(GIVEN ENTRIES):
────────────────────────────────────────
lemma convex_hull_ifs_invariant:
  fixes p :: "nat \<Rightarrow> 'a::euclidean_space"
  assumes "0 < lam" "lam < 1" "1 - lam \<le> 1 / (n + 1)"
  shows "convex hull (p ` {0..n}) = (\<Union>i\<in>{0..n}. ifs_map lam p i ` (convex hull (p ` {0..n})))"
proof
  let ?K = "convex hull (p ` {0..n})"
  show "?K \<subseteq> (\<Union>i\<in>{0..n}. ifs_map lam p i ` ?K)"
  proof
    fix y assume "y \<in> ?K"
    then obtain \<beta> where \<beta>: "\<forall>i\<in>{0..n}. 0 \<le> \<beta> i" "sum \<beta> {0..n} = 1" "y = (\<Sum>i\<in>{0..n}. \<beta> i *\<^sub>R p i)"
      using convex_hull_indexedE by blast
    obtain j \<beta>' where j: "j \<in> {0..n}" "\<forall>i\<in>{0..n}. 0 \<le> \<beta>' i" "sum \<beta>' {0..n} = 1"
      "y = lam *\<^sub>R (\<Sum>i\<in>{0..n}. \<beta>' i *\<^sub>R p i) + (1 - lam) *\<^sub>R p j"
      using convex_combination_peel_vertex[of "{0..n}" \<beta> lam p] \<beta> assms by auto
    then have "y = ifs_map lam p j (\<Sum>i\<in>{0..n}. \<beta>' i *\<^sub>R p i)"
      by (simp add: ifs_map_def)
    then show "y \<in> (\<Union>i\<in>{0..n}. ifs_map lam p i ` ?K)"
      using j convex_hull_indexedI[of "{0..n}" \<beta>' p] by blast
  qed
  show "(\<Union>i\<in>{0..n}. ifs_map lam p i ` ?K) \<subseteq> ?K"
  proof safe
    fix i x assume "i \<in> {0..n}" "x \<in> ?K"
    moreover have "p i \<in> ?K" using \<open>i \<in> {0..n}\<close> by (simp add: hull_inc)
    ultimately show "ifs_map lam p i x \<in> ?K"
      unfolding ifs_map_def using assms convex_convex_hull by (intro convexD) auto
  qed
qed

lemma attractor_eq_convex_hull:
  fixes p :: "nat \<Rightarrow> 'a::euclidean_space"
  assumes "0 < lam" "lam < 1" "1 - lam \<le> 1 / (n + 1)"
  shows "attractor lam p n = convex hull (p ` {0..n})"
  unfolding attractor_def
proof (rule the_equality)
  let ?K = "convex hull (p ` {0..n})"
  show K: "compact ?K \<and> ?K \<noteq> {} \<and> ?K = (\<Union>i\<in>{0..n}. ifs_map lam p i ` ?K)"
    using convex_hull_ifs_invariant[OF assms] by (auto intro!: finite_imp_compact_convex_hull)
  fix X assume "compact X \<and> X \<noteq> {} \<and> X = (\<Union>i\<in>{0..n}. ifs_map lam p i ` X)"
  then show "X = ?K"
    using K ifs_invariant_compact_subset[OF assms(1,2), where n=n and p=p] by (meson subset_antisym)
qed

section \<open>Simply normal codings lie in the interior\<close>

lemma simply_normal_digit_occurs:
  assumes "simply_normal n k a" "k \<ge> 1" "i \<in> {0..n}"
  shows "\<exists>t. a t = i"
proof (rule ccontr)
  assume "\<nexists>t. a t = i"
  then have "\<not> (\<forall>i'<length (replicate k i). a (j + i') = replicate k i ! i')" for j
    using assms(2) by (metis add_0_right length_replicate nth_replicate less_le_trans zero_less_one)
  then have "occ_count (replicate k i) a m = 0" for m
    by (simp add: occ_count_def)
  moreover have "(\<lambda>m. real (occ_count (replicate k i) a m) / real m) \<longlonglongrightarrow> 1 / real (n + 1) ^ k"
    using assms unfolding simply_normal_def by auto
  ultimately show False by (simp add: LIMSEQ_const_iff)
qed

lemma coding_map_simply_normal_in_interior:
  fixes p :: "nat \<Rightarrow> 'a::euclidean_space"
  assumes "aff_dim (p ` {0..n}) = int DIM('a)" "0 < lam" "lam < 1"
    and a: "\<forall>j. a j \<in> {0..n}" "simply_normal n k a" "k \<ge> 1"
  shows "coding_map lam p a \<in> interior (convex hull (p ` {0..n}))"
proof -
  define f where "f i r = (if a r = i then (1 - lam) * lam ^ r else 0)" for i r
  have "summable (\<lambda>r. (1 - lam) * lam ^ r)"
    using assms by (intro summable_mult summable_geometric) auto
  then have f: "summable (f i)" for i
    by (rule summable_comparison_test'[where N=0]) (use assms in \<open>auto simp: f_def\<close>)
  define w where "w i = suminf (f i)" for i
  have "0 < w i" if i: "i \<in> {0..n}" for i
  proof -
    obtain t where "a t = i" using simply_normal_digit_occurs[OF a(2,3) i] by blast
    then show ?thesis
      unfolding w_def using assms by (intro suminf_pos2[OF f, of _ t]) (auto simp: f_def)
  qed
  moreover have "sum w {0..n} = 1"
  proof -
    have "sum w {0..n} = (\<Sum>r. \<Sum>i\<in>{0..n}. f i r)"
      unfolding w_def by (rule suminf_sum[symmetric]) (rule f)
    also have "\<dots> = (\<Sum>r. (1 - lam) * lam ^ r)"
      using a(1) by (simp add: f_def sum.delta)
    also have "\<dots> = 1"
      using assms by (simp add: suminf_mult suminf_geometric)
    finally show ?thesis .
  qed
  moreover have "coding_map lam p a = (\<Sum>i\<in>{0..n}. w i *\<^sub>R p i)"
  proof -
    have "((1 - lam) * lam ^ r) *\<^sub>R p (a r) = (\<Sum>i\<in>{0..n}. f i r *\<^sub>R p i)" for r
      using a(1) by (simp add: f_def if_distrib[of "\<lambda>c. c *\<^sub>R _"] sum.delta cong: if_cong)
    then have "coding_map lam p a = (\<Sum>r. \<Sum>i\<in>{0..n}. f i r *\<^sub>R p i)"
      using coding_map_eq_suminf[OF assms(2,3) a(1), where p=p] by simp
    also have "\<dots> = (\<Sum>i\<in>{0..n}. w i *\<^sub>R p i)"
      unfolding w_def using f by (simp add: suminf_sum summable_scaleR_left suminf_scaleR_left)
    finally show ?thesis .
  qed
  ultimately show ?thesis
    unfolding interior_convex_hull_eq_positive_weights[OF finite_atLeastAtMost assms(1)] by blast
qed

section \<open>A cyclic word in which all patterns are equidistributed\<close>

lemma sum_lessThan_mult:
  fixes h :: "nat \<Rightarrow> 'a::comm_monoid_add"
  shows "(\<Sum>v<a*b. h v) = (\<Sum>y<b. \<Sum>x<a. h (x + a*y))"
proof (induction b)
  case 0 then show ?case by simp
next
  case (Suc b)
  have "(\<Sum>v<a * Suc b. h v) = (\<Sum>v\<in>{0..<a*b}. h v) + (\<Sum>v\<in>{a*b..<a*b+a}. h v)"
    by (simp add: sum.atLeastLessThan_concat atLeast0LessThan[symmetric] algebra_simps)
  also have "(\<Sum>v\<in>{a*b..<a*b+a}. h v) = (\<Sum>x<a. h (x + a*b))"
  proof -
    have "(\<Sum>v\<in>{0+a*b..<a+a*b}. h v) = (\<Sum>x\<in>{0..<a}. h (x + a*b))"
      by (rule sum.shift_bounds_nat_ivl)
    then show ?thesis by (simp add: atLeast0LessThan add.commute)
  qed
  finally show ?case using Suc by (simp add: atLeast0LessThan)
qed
────────────────────────────────────────
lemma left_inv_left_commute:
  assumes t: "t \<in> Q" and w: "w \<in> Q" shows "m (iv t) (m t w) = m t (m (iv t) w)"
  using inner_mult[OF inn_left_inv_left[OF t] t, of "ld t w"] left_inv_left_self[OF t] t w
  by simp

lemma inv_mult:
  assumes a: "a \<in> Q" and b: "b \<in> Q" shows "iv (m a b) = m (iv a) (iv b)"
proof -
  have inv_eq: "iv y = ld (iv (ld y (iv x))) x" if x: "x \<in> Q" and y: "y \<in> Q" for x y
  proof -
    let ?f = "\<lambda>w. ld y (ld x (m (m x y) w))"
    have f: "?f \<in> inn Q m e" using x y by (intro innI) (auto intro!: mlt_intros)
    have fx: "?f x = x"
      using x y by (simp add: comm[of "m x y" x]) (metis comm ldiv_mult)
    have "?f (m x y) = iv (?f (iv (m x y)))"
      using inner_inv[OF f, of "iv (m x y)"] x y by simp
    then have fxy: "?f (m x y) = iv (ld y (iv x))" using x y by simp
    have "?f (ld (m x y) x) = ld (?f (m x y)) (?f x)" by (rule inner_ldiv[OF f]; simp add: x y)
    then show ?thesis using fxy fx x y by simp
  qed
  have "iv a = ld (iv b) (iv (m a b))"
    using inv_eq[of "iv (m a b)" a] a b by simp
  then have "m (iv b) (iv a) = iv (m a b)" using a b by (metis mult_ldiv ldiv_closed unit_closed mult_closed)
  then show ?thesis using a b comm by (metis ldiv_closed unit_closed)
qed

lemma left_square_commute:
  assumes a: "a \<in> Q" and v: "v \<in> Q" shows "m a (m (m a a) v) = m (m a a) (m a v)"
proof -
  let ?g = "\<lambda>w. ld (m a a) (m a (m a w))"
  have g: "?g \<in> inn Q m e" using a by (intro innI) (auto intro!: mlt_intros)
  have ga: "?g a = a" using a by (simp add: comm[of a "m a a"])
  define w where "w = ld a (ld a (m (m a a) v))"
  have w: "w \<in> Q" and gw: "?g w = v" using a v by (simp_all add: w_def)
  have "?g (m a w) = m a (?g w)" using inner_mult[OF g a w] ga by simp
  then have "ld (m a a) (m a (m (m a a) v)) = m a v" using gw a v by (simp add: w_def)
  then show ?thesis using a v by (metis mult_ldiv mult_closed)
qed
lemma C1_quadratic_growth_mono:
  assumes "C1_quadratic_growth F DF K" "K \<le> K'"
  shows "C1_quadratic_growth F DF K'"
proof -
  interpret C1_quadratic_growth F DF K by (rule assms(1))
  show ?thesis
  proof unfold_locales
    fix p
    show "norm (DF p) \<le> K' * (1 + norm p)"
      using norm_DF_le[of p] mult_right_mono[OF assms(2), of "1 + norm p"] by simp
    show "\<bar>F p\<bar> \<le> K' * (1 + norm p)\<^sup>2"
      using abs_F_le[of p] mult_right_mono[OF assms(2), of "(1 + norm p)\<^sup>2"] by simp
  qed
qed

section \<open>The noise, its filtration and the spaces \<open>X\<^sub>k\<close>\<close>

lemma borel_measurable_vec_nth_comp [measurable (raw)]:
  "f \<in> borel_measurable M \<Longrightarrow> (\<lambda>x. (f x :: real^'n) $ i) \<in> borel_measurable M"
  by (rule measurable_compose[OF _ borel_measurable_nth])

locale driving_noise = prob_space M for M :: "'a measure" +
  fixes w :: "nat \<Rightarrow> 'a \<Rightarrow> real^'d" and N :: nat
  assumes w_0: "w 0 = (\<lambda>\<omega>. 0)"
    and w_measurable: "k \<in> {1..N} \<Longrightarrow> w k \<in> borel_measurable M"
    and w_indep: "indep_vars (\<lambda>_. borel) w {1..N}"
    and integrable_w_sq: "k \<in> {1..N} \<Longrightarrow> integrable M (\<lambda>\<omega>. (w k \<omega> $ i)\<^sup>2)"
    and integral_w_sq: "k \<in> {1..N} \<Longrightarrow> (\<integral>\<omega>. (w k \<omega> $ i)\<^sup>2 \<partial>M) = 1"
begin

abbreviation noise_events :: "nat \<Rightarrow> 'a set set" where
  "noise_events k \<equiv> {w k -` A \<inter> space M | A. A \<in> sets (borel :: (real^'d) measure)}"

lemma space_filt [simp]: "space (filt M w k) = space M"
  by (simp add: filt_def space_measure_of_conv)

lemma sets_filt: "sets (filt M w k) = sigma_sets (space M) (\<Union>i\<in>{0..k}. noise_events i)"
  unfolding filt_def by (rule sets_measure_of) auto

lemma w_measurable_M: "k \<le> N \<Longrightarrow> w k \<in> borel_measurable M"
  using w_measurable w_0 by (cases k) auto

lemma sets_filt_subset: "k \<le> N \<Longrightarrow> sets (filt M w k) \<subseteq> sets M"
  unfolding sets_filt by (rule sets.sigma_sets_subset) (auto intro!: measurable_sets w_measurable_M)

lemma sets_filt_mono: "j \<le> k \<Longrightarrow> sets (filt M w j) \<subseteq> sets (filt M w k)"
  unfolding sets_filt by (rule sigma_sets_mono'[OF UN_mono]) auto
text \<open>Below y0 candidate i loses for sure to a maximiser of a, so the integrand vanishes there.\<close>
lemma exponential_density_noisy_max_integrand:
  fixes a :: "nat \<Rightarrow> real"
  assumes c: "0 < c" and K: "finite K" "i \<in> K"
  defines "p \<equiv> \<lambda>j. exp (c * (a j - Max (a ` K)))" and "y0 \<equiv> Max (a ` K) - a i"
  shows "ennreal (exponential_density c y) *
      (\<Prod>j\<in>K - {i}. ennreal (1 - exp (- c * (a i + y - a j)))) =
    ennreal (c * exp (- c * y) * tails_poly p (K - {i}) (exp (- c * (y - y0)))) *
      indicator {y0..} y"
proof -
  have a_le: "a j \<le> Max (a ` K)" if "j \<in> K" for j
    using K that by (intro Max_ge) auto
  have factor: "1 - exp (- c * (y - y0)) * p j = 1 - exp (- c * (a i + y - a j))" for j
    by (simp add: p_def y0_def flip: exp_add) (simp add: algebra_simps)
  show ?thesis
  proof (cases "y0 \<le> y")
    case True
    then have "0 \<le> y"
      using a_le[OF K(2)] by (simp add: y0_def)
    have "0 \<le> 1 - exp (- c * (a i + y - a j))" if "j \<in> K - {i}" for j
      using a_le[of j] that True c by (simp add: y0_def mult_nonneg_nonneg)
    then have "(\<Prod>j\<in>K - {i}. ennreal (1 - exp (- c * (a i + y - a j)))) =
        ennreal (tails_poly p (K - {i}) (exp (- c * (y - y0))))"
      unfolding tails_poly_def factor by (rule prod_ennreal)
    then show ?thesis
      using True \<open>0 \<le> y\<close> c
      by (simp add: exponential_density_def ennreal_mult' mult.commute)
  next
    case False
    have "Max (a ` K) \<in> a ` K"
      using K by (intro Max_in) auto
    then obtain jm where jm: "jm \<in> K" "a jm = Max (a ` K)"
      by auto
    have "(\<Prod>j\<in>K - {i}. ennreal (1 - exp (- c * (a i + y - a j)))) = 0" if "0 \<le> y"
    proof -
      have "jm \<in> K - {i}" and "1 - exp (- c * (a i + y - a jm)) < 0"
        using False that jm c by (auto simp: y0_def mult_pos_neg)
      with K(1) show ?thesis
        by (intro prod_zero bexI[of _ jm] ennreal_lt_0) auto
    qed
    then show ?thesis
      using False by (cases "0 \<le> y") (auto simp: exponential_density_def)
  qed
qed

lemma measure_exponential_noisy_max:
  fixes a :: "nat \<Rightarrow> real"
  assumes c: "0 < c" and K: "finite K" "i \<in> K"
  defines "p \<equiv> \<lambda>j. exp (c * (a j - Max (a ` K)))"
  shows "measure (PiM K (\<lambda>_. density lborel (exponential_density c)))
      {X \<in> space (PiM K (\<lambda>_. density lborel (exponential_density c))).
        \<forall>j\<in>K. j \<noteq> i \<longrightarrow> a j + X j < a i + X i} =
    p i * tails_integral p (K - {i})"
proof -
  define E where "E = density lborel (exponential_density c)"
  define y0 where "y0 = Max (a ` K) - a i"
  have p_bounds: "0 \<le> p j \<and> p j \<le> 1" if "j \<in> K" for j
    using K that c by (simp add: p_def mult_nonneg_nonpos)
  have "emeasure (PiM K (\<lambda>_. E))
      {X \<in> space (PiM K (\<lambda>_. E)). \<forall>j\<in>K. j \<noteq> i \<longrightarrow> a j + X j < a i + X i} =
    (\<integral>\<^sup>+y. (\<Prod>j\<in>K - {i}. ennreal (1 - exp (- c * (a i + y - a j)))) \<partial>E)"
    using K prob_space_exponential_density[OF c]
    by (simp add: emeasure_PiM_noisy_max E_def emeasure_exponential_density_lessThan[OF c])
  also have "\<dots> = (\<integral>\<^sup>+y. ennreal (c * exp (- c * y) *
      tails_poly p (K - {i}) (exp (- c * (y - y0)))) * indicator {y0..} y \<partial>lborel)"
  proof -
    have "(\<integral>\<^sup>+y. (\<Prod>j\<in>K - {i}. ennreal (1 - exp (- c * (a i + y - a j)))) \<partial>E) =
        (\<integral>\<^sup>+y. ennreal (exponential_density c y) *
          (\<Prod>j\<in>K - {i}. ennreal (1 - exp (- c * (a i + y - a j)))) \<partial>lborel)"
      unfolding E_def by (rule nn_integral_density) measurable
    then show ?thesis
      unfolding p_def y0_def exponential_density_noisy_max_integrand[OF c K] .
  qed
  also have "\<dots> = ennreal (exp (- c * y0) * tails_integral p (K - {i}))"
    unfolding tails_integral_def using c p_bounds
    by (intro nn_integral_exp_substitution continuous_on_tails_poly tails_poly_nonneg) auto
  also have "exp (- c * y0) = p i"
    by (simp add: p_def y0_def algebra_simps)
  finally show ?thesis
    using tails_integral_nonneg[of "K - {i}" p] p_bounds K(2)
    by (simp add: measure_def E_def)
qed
────────────────────────────────────────
(WHAT NEEDS TO BE DONE): Using the data above, return each line that includes the word "equiv".

(YOUR RESPONSE):
  "noise_events k \<equiv> {w k -` A \<inter> space M | A. A \<in> sets (borel :: (real^'d) measure)}"
  defines "p \<equiv> \<lambda>j. exp (c * (a j - Max (a ` K)))" and "y0 \<equiv> Max (a ` K) - a i"
  defines "p \<equiv> \<lambda>j. exp (c * (a j - Max (a ` K)))"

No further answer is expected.